Nepal’s Last Known Dancing Bears Rescued

It is likely that the rescued sloth bears had been beaten and trained into submission for more than a decade where they would’ve survived on just rice and milk.

The bears were poached from the wild as cubs and sold on the black market to be used in this cruel practice. Their mothers often get killed for the medicinal bile found in their gall bladders, or for their paws which are served as soup or as traditional medicine.

At around eight months old they would have all their teeth and often their claws removed and the skin and cartilage pierced on their muzzles with a hot iron rod. A chain or rope is then put through, where it will stay until they die.

Nepalese law enforcement removed the two sloth bears named Rangeela and Sridevi, with the help of the Jane Goodall Institute Nepal and the London-based nonprofit World Animal Protection.

The practice of training bears to dance for paying audiences was popular in the Middle Ages throughout Europe and Asia. It remained common in Eastern Europe and Asia until the late 20th century, according to World Animal Protection.

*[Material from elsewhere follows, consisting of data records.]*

lemma gamma_integral_Icc_LIMSEQ:
  assumes "0 < \<beta>"
  shows "(\<lambda>N. integral {1 / (real N + 1)..real N + 1} (\<lambda>u. u powr (\<beta> - 1) * exp (- u)))
      \<longlonglongrightarrow> Gamma \<beta>"
proof (rule tendsto_ennrealD)
  let ?g = "\<lambda>u::real. u powr (\<beta> - 1) * exp (- u)"
  let ?S = "\<lambda>N. {1 / (real N + 1)..real N + 1}"
  have "(?g has_integral integral (?S N) ?g) (?S N)" for N
    by (intro integrable_integral integrable_continuous_real continuous_intros)
      (auto dest: pos_of_mem_Icc_exhausting)
  then have "(\<integral>\<^sup>+u. ennreal (indicator (?S N) u * ?g u) \<partial>lborel) = ennreal (integral (?S N) ?g)" for N
    by (intro nn_integral_has_integral_lebesgue) auto
  then show "(\<lambda>N. ennreal (integral (?S N) ?g)) \<longlonglongrightarrow> ennreal (Gamma \<beta>)"
    using nn_integral_indicator_incseq_LIMSEQ[OF incseq_Icc_exhausting, of ?g]
    by (simp add: UN_Icc_exhausting nn_integral_gamma_density[OF assms])
  show "\<forall>\<^sub>F N in sequentially. 0 \<le> integral (?S N) ?g"
    by (intro always_eventually allI integral_nonneg integrable_continuous_real continuous_intros)
      (auto dest: pos_of_mem_Icc_exhausting)
qed (use assms Gamma_real_pos in auto)

lemma nn_integral_rate_density:
  assumes "0 < \<beta>" "\<beta> < 1"
  shows "(\<integral>\<^sup>+u. ennreal (indicator {0<..} u * rate_density \<beta> u) \<partial>lborel) = ennreal (Gamma \<beta> / (1 - \<beta>))"
proof -
  define c :: "nat \<Rightarrow> real" where "c N = 1 / (real N + 1)" for N
  define d :: "nat \<Rightarrow> real" where "d N = real N + 1" for N
  define F where "F u = u powr (\<beta> - 1) * (1 - exp (- u))" for u
  define I where "I N = (integral {c N..d N} (\<lambda>u. u powr (\<beta> - 1) * exp (- u)) + F (c N) - F (d N))
    / (1 - \<beta>)" for N
  have c_pos: "0 < c N" and c_le_d: "c N \<le> d N" for N
    unfolding c_def d_def using order_trans[of "1 / (real N + 1)" 1 "real N + 1"] by simp_all
  have nn_Icc: "(\<integral>\<^sup>+u. ennreal (indicator {c N..d N} u * rate_density \<beta> u) \<partial>lborel) = ennreal (I N)" for N
  proof (rule nn_integral_has_integral_lebesgue)
    show "(rate_density \<beta> has_integral I N) {c N..d N}"
      unfolding I_def F_def by (rule rate_density_has_integral[OF c_pos c_le_d assms(2)])
    show "0 \<le> rate_density \<beta> u" if "u \<in> {c N..d N}" for u
      using that c_pos[of N] by (intro rate_density_nonneg) simp
  qed
  have "incseq (\<lambda>N. {c N..d N})" "(\<Union>N. {c N..d N}) = {0<..}" "{c N..d N} \<in> sets borel" for N
    unfolding c_def d_def by (simp_all only: incseq_Icc_exhausting UN_Icc_exhausting sets_lborel) simp
  then have lim_nn: "(\<lambda>N. ennreal (I N)) \<longlonglongrightarrow> (\<integral>\<^sup>+u. ennreal (indicator {0<..} u * rate_density \<beta> u) \<partial>lborel)"
    using nn_integral_indicator_incseq_LIMSEQ[of "\<lambda>N. {c N..d N}" "rate_density \<beta>"]
    unfolding nn_Icc by simp
  have F_0: "(F \<longlongrightarrow> 0) (at_right 0)" and F_top: "(F \<longlongrightarrow> 0) at_top"
    unfolding F_def using assms by real_asymp+
  have c_lim: "filterlim c (at_right 0) sequentially" and d_lim: "filterlim d at_top sequentially"
    unfolding c_def d_def by real_asymp+
  have "(\<lambda>N. integral {c N..d N} (\<lambda>u. u powr (\<beta> - 1) * exp (- u))) \<longlonglongrightarrow> Gamma \<beta>"
    unfolding c_def d_def by (rule gamma_integral_Icc_LIMSEQ[OF assms(1)])
  then have "I \<longlonglongrightarrow> (Gamma \<beta> + 0 - 0) / (1 - \<beta>)"
    unfolding I_def using filterlim_compose[OF F_0 c_lim] filterlim_compose[OF F_top d_lim]
    using assms by (intro tendsto_divide tendsto_diff tendsto_add tendsto_const) auto
  then have "(\<lambda>N. ennreal (I N)) \<longlonglongrightarrow> ennreal (Gamma \<beta> / (1 - \<beta>))"
    by (intro tendsto_ennrealI) simp
  then show ?thesis
    by (rule LIMSEQ_unique[OF lim_nn])
qed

Animal welfare groups had been following these bears and their owners for over a year, waiting for the right time to mount a rescue. The police were then able to step in and apprehend the four people responsible. The bears are now awaiting transfer to a sanctuary, likely one in India.

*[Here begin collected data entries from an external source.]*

(* Let $\gamma=\gamma(s)$, $s$ in an open interval containing $0$, be a smooth unit-speed curve in $\mathrm{Im}(\mathbb O)$ with $k_1=\|\gamma_{ss}\|>0$ everywhere, let $(I_4,I_1,I_2,I_3,I_5,I_6,I_7)$ be its $G_2$-frame, and let $(e_4,e_1,e_2,e_3,\overline e_1,\overline e_2,\overline e_3)$ be the associated complexified $G_2$-frame, with $\varphi_1,\varphi_2,\varphi_3$ as defined in the context. Then \begin{align*} e_{4s}&=\varphi_1 e_1+\overline{\varphi}_1\overline e_1,\\ e_{1s}&=-\overline{\varphi}_1 e_4+\varphi_2 e_2,\\ e_{2s}&=-\overline{\varphi}_2 e_1+\varphi_3 e_3-\tfrac{\sqrt{-1}}{\sqrt2}\varphi_1\overline e_3,\\ e_{3s}&=-\overline{\varphi}_3 e_2+\tfrac{\sqrt{-1}}{\sqrt2}\varphi_1\overline e_2,\\ \overline e_{1s}&=-\varphi_1 e_4+\overline{\varphi}_2\overline e_2,\\ \overline e_{2s}&=\tfrac{\sqrt{-1}}{\sqrt2}\overline{\varphi}_1 e_3-\varphi_2\overline e_1+\overline{\varphi}_3\overline e_3,\\ \overline e_{3s}&=-\tfrac{\sqrt{-1}}{\sqrt2}\overline{\varphi}_1 e_2-\varphi_3\overline e_2 . \end{align*}
   Context: $\mathbb O$ denotes the octonions: every octonion is $a+bl$ with $a,b$ quaternions, with product $(a+bl)(c+dl)=(ac-d\bar b)+(\bar a d+cb)l$ (bar = quaternion conjugation), real basis $1,i,j,k,l,il,jl,kl$, conjugation $\overline{a+bl}=\bar a-bl$, inner product $\langle x,y\rangle=\frac12(\bar xy+\bar yx)$, $\mathrm{Im}(\mathbb O)=\{x:\langle x,1\rangle=0\}\cong\mathbb R^7$, and cross product $x\times y=\frac12(\bar yx-\bar xy)$ on $\mathrm{Im}(\mathbb O)$. $G_2$-frame of a unit-speed curve $\gamma(s)$ with $k_1=\|\gamma_{ss}\|>0$: $I_4=\gamma_s$, $I_1=I_{4s}/k_1$, $I_5=I_1\times I_4$, $\kappa_2=\sqrt{\|I_{1s}\|^2-\langle I_{1s},I_4\rangle^2-\langle I_{1s},I_5\rangle^2}$; if $\kappa_2>0$, $I_2=\kappa_2^{-1}(I_{1s}-\langle I_{1s},I_4\rangle I_4-\langle I_{1s},I_5\rangle I_5)$, while if $\kappa_2\equiv0$, $I_2$ is a smooth unit vector field orthogonal to $I_4,I_1,I_5$; then $I_3=I_1\times I_2$, $I_6=I_2\times I_4$, $I_7=I_3\times I_4$. Set $\rho_1=\langle I_{1s},I_5\rangle$, $\rho_2=\langle I_{2s},I_6\rangle$, $\rho_3=\langle I_{3s},I_7\rangle$, $\alpha=\langle I_{2s},I_3\rangle$, $\beta_1=\langle I_{2s},I_7\rangle$, $\beta_2=\langle I_{3s},I_6\rangle$, and $r=\frac1{\sqrt2}e^{-\sqrt{-1}\int_0^s\rho_1}$, $q=\frac1{\sqrt2}e^{-\sqrt{-1}\int_0^s\rho_2}$, $p=\frac1{\sqrt2}e^{-\sqrt{-1}\int_0^s\rho_3}$. In $\mathbb C\otimes_{\mathbb R}\mathbb O$ (with complex unit $\sqrt{-1}$ distinct from the octonion units, bar denoting complex conjugation $\overline{x_1+\sqrt{-1}x_2}=x_1-\sqrt{-1}x_2$ for $x_1,x_2\in\mathbb O$) the complexified $G_2$-frame is $e_4=I_4$, $e_1=r(I_1-\sqrt{-1}I_5)$, $e_2=q(I_2-\sqrt{-1}I_6)$, $e_3=-p(I_3-\sqrt{-1}I_7)$ and their complex conjugates $\overline e_1,\overline e_2,\overline e_3$. Finally $\varphi_1=k_1\overline r$, $\varphi_2=2\kappa_2 r\overline q$, $\varphi_3=-\sqrt2\,q^2r\,[2\alpha+\sqrt{-1}(\beta_1+\beta_2)]$. *)

theory Defs
  imports "HOL-Analysis.Analysis"
begin

section \<open>Quaternions and octonions (Cayley--Dickson, as in the paper)\<close>

text \<open>A quaternion a0 + a1 i + a2 j + a3 k is the tuple (a0,a1,a2,a3).\<close>
type_synonym quat = "real \<times> real \<times> real \<times> real"

definition qmul :: "quat \<Rightarrow> quat \<Rightarrow> quat" where
  "qmul = (\<lambda>(a0,a1,a2,a3) (b0,b1,b2,b3).
     (a0*b0 - a1*b1 - a2*b2 - a3*b3,
      a0*b1 + a1*b0 + a2*b3 - a3*b2,
      a0*b2 - a1*b3 + a2*b0 + a3*b1,
      a0*b3 + a1*b2 - a2*b1 + a3*b0))"

definition qconj :: "quat \<Rightarrow> quat" where
  "qconj = (\<lambda>(a0,a1,a2,a3). (a0, -a1, -a2, -a3))"

text \<open>An octonion a + b l is the pair (a,b) of quaternions; real basis
  1,i,j,k,l,il,jl,kl.\<close>
type_synonym oct = "quat \<times> quat"

definition omul :: "oct \<Rightarrow> oct \<Rightarrow> oct" where
  "omul = (\<lambda>(a,b) (c,d). (qmul a c - qmul d (qconj b), qmul (qconj a) d + qmul c b))"

definition oconj :: "oct \<Rightarrow> oct" where
  "oconj = (\<lambda>(a,b). (qconj a, - b))"

definition oone :: oct where
  "oone = ((1,0,0,0), 0)"

text \<open>The inner product: the octonion (1/2)(conj x * y + conj y * x) is real;
  we take its real part (coefficient of 1).\<close>
definition oinner :: "oct \<Rightarrow> oct \<Rightarrow> real" where
  "oinner x y = fst (fst ((1/2) *\<^sub>R (omul (oconj x) y + omul (oconj y) x)))"

definition onorm :: "oct \<Rightarrow> real" where
  "onorm x = sqrt (oinner x x)"

definition ImO :: "oct set" where
  "ImO = {x. oinner x oone = 0}"

definition ocross :: "oct \<Rightarrow> oct \<Rightarrow> oct" where
  "ocross x y = (1/2) *\<^sub>R (omul (oconj y) x - omul (oconj x) y)"

text \<open>(x1,x2) represents x1 + sqrt(-1) x2.\<close>
type_synonym coct = "oct \<times> oct"

definition cscale :: "complex \<Rightarrow> coct \<Rightarrow> coct" where
  "cscale c = (\<lambda>(x1,x2). (Re c *\<^sub>R x1 - Im c *\<^sub>R x2, Re c *\<^sub>R x2 + Im c *\<^sub>R x1))"

definition cconj :: "coct \<Rightarrow> coct" where
  "cconj = (\<lambda>(x1,x2). (x1, - x2))"

definition emb :: "oct \<Rightarrow> coct" where
  "emb x = (x, 0)"

definition vd :: "(real \<Rightarrow> 'a::real_normed_vector) \<Rightarrow> real \<Rightarrow> 'a" where
  "vd f s = vector_derivative f (at s)"

definition smooth_on :: "real set \<Rightarrow> (real \<Rightarrow> 'a::real_normed_vector) \<Rightarrow> bool" where
  "smooth_on J f \<longleftrightarrow> (\<exists>D :: nat \<Rightarrow> real \<Rightarrow> 'a. (\<forall>t\<in>J. D 0 t = f t) \<and>
      (\<forall>n. \<forall>t\<in>J. (D n has_vector_derivative D (Suc n) t) (at t)))"

definition sint :: "real \<Rightarrow> real \<Rightarrow> (real \<Rightarrow> real) \<Rightarrow> real" where
  "sint a b f = (if a \<le> b then integral {a..b} f else - integral {b..a} f)"

definition fI4 :: "(real \<Rightarrow> oct) \<Rightarrow> real \<Rightarrow> oct" where
  "fI4 \<gamma> = vd \<gamma>"

definition fk1 :: "(real \<Rightarrow> oct) \<Rightarrow> real \<Rightarrow> real" where
  "fk1 \<gamma> s = onorm (vd (vd \<gamma>) s)"

definition fI1 :: "(real \<Rightarrow> oct) \<Rightarrow> real \<Rightarrow> oct" where
  "fI1 \<gamma> s = (1 / fk1 \<gamma> s) *\<^sub>R vd (fI4 \<gamma>) s"

definition fI5 :: "(real \<Rightarrow> oct) \<Rightarrow> real \<Rightarrow> oct" where
  "fI5 \<gamma> s = ocross (fI1 \<gamma> s) (fI4 \<gamma> s)"

definition fkappa2 :: "(real \<Rightarrow> oct) \<Rightarrow> real \<Rightarrow> real" where
  "fkappa2 \<gamma> s = sqrt ((onorm (vd (fI1 \<gamma>) s))\<^sup>2
      - (oinner (vd (fI1 \<gamma>) s) (fI4 \<gamma> s))\<^sup>2 - (oinner (vd (fI1 \<gamma>) s) (fI5 \<gamma> s))\<^sup>2)"

text \<open>I2 in the case kappa2 > 0.\<close>
definition fI2pos :: "(real \<Rightarrow> oct) \<Rightarrow> real \<Rightarrow> oct" where
  "fI2pos \<gamma> s = (1 / fkappa2 \<gamma> s) *\<^sub>R (vd (fI1 \<gamma>) s
      - oinner (vd (fI1 \<gamma>) s) (fI4 \<gamma> s) *\<^sub>R fI4 \<gamma> s
      - oinner (vd (fI1 \<gamma>) s) (fI5 \<gamma> s) *\<^sub>R fI5 \<gamma> s)"

definition fI3 :: "(real \<Rightarrow> oct) \<Rightarrow> (real \<Rightarrow> oct) \<Rightarrow> real \<Rightarrow> oct" where
  "fI3 \<gamma> I2 s = ocross (fI1 \<gamma> s) (I2 s)"

definition fI6 :: "(real \<Rightarrow> oct) \<Rightarrow> (real \<Rightarrow> oct) \<Rightarrow> real \<Rightarrow> oct" where
  "fI6 \<gamma> I2 s = ocross (I2 s) (fI4 \<gamma> s)"

definition fI7 :: "(real \<Rightarrow> oct) \<Rightarrow> (real \<Rightarrow> oct) \<Rightarrow> real \<Rightarrow> oct" where
  "fI7 \<gamma> I2 s = ocross (fI3 \<gamma> I2 s) (fI4 \<gamma> s)"

definition rho1 :: "(real \<Rightarrow> oct) \<Rightarrow> real \<Rightarrow> real" where
  "rho1 \<gamma> s = oinner (vd (fI1 \<gamma>) s) (fI5 \<gamma> s)"

definition rho2 :: "(real \<Rightarrow> oct) \<Rightarrow> (real \<Rightarrow> oct) \<Rightarrow> real \<Rightarrow> real" where
  "rho2 \<gamma> I2 s = oinner (vd I2 s) (fI6 \<gamma> I2 s)"

definition rho3 :: "(real \<Rightarrow> oct) \<Rightarrow> (real \<Rightarrow> oct) \<Rightarrow> real \<Rightarrow> real" where
  "rho3 \<gamma> I2 s = oinner (vd (fI3 \<gamma> I2) s) (fI7 \<gamma> I2 s)"

definition galpha :: "(real \<Rightarrow> oct) \<Rightarrow> (real \<Rightarrow> oct) \<Rightarrow> real \<Rightarrow> real" where
  "galpha \<gamma> I2 s = oinner (vd I2 s) (fI3 \<gamma> I2 s)"

definition gbeta1 :: "(real \<Rightarrow> oct) \<Rightarrow> (real \<Rightarrow> oct) \<Rightarrow> real \<Rightarrow> real" where
  "gbeta1 \<gamma> I2 s = oinner (vd I2 s) (fI7 \<gamma> I2 s)"

definition gbeta2 :: "(real \<Rightarrow> oct) \<Rightarrow> (real \<Rightarrow> oct) \<Rightarrow> real \<Rightarrow> real" where
  "gbeta2 \<gamma> I2 s = oinner (vd (fI3 \<gamma> I2) s) (fI6 \<gamma> I2 s)"

definition phase :: "(real \<Rightarrow> real) \<Rightarrow> real \<Rightarrow> complex" where
  "phase \<rho> s = complex_of_real (1 / sqrt 2) * exp (- \<i> * complex_of_real (sint 0 s \<rho>))"

definition cr :: "(real \<Rightarrow> oct) \<Rightarrow> real \<Rightarrow> complex" where
  "cr \<gamma> = phase (rho1 \<gamma>)"

definition cq :: "(real \<Rightarrow> oct) \<Rightarrow> (real \<Rightarrow> oct) \<Rightarrow> real \<Rightarrow> complex" where
  "cq \<gamma> I2 = phase (rho2 \<gamma> I2)"

definition cp :: "(real \<Rightarrow> oct) \<Rightarrow> (real \<Rightarrow> oct) \<Rightarrow> real \<Rightarrow> complex" where
  "cp \<gamma> I2 = phase (rho3 \<gamma> I2)"

definition ce4 :: "(real \<Rightarrow> oct) \<Rightarrow> real \<Rightarrow> coct" where
  "ce4 \<gamma> s = emb (fI4 \<gamma> s)"

definition ce1 :: "(real \<Rightarrow> oct) \<Rightarrow> real \<Rightarrow> coct" where
  "ce1 \<gamma> s = cscale (cr \<gamma> s) (emb (fI1 \<gamma> s) - cscale \<i> (emb (fI5 \<gamma> s)))"

definition ce2 :: "(real \<Rightarrow> oct) \<Rightarrow> (real \<Rightarrow> oct) \<Rightarrow> real \<Rightarrow> coct" where
  "ce2 \<gamma> I2 s = cscale (cq \<gamma> I2 s) (emb (I2 s) - cscale \<i> (emb (fI6 \<gamma> I2 s)))"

Due to united efforts by animal welfare groups to rescue the bears and help their owners transition to new livelihoods, the practice has been coming to an end.

Countries including Albania, Bulgaria, Greece, India, Serbia, Turkey and now Nepal are believed to no longer have dancing bears. However there are still bears in captivity, forced to perform in Pakistan.

This marks the end of this ‘tradition’ and years and years of torture for these beautiful creatures in Nepal.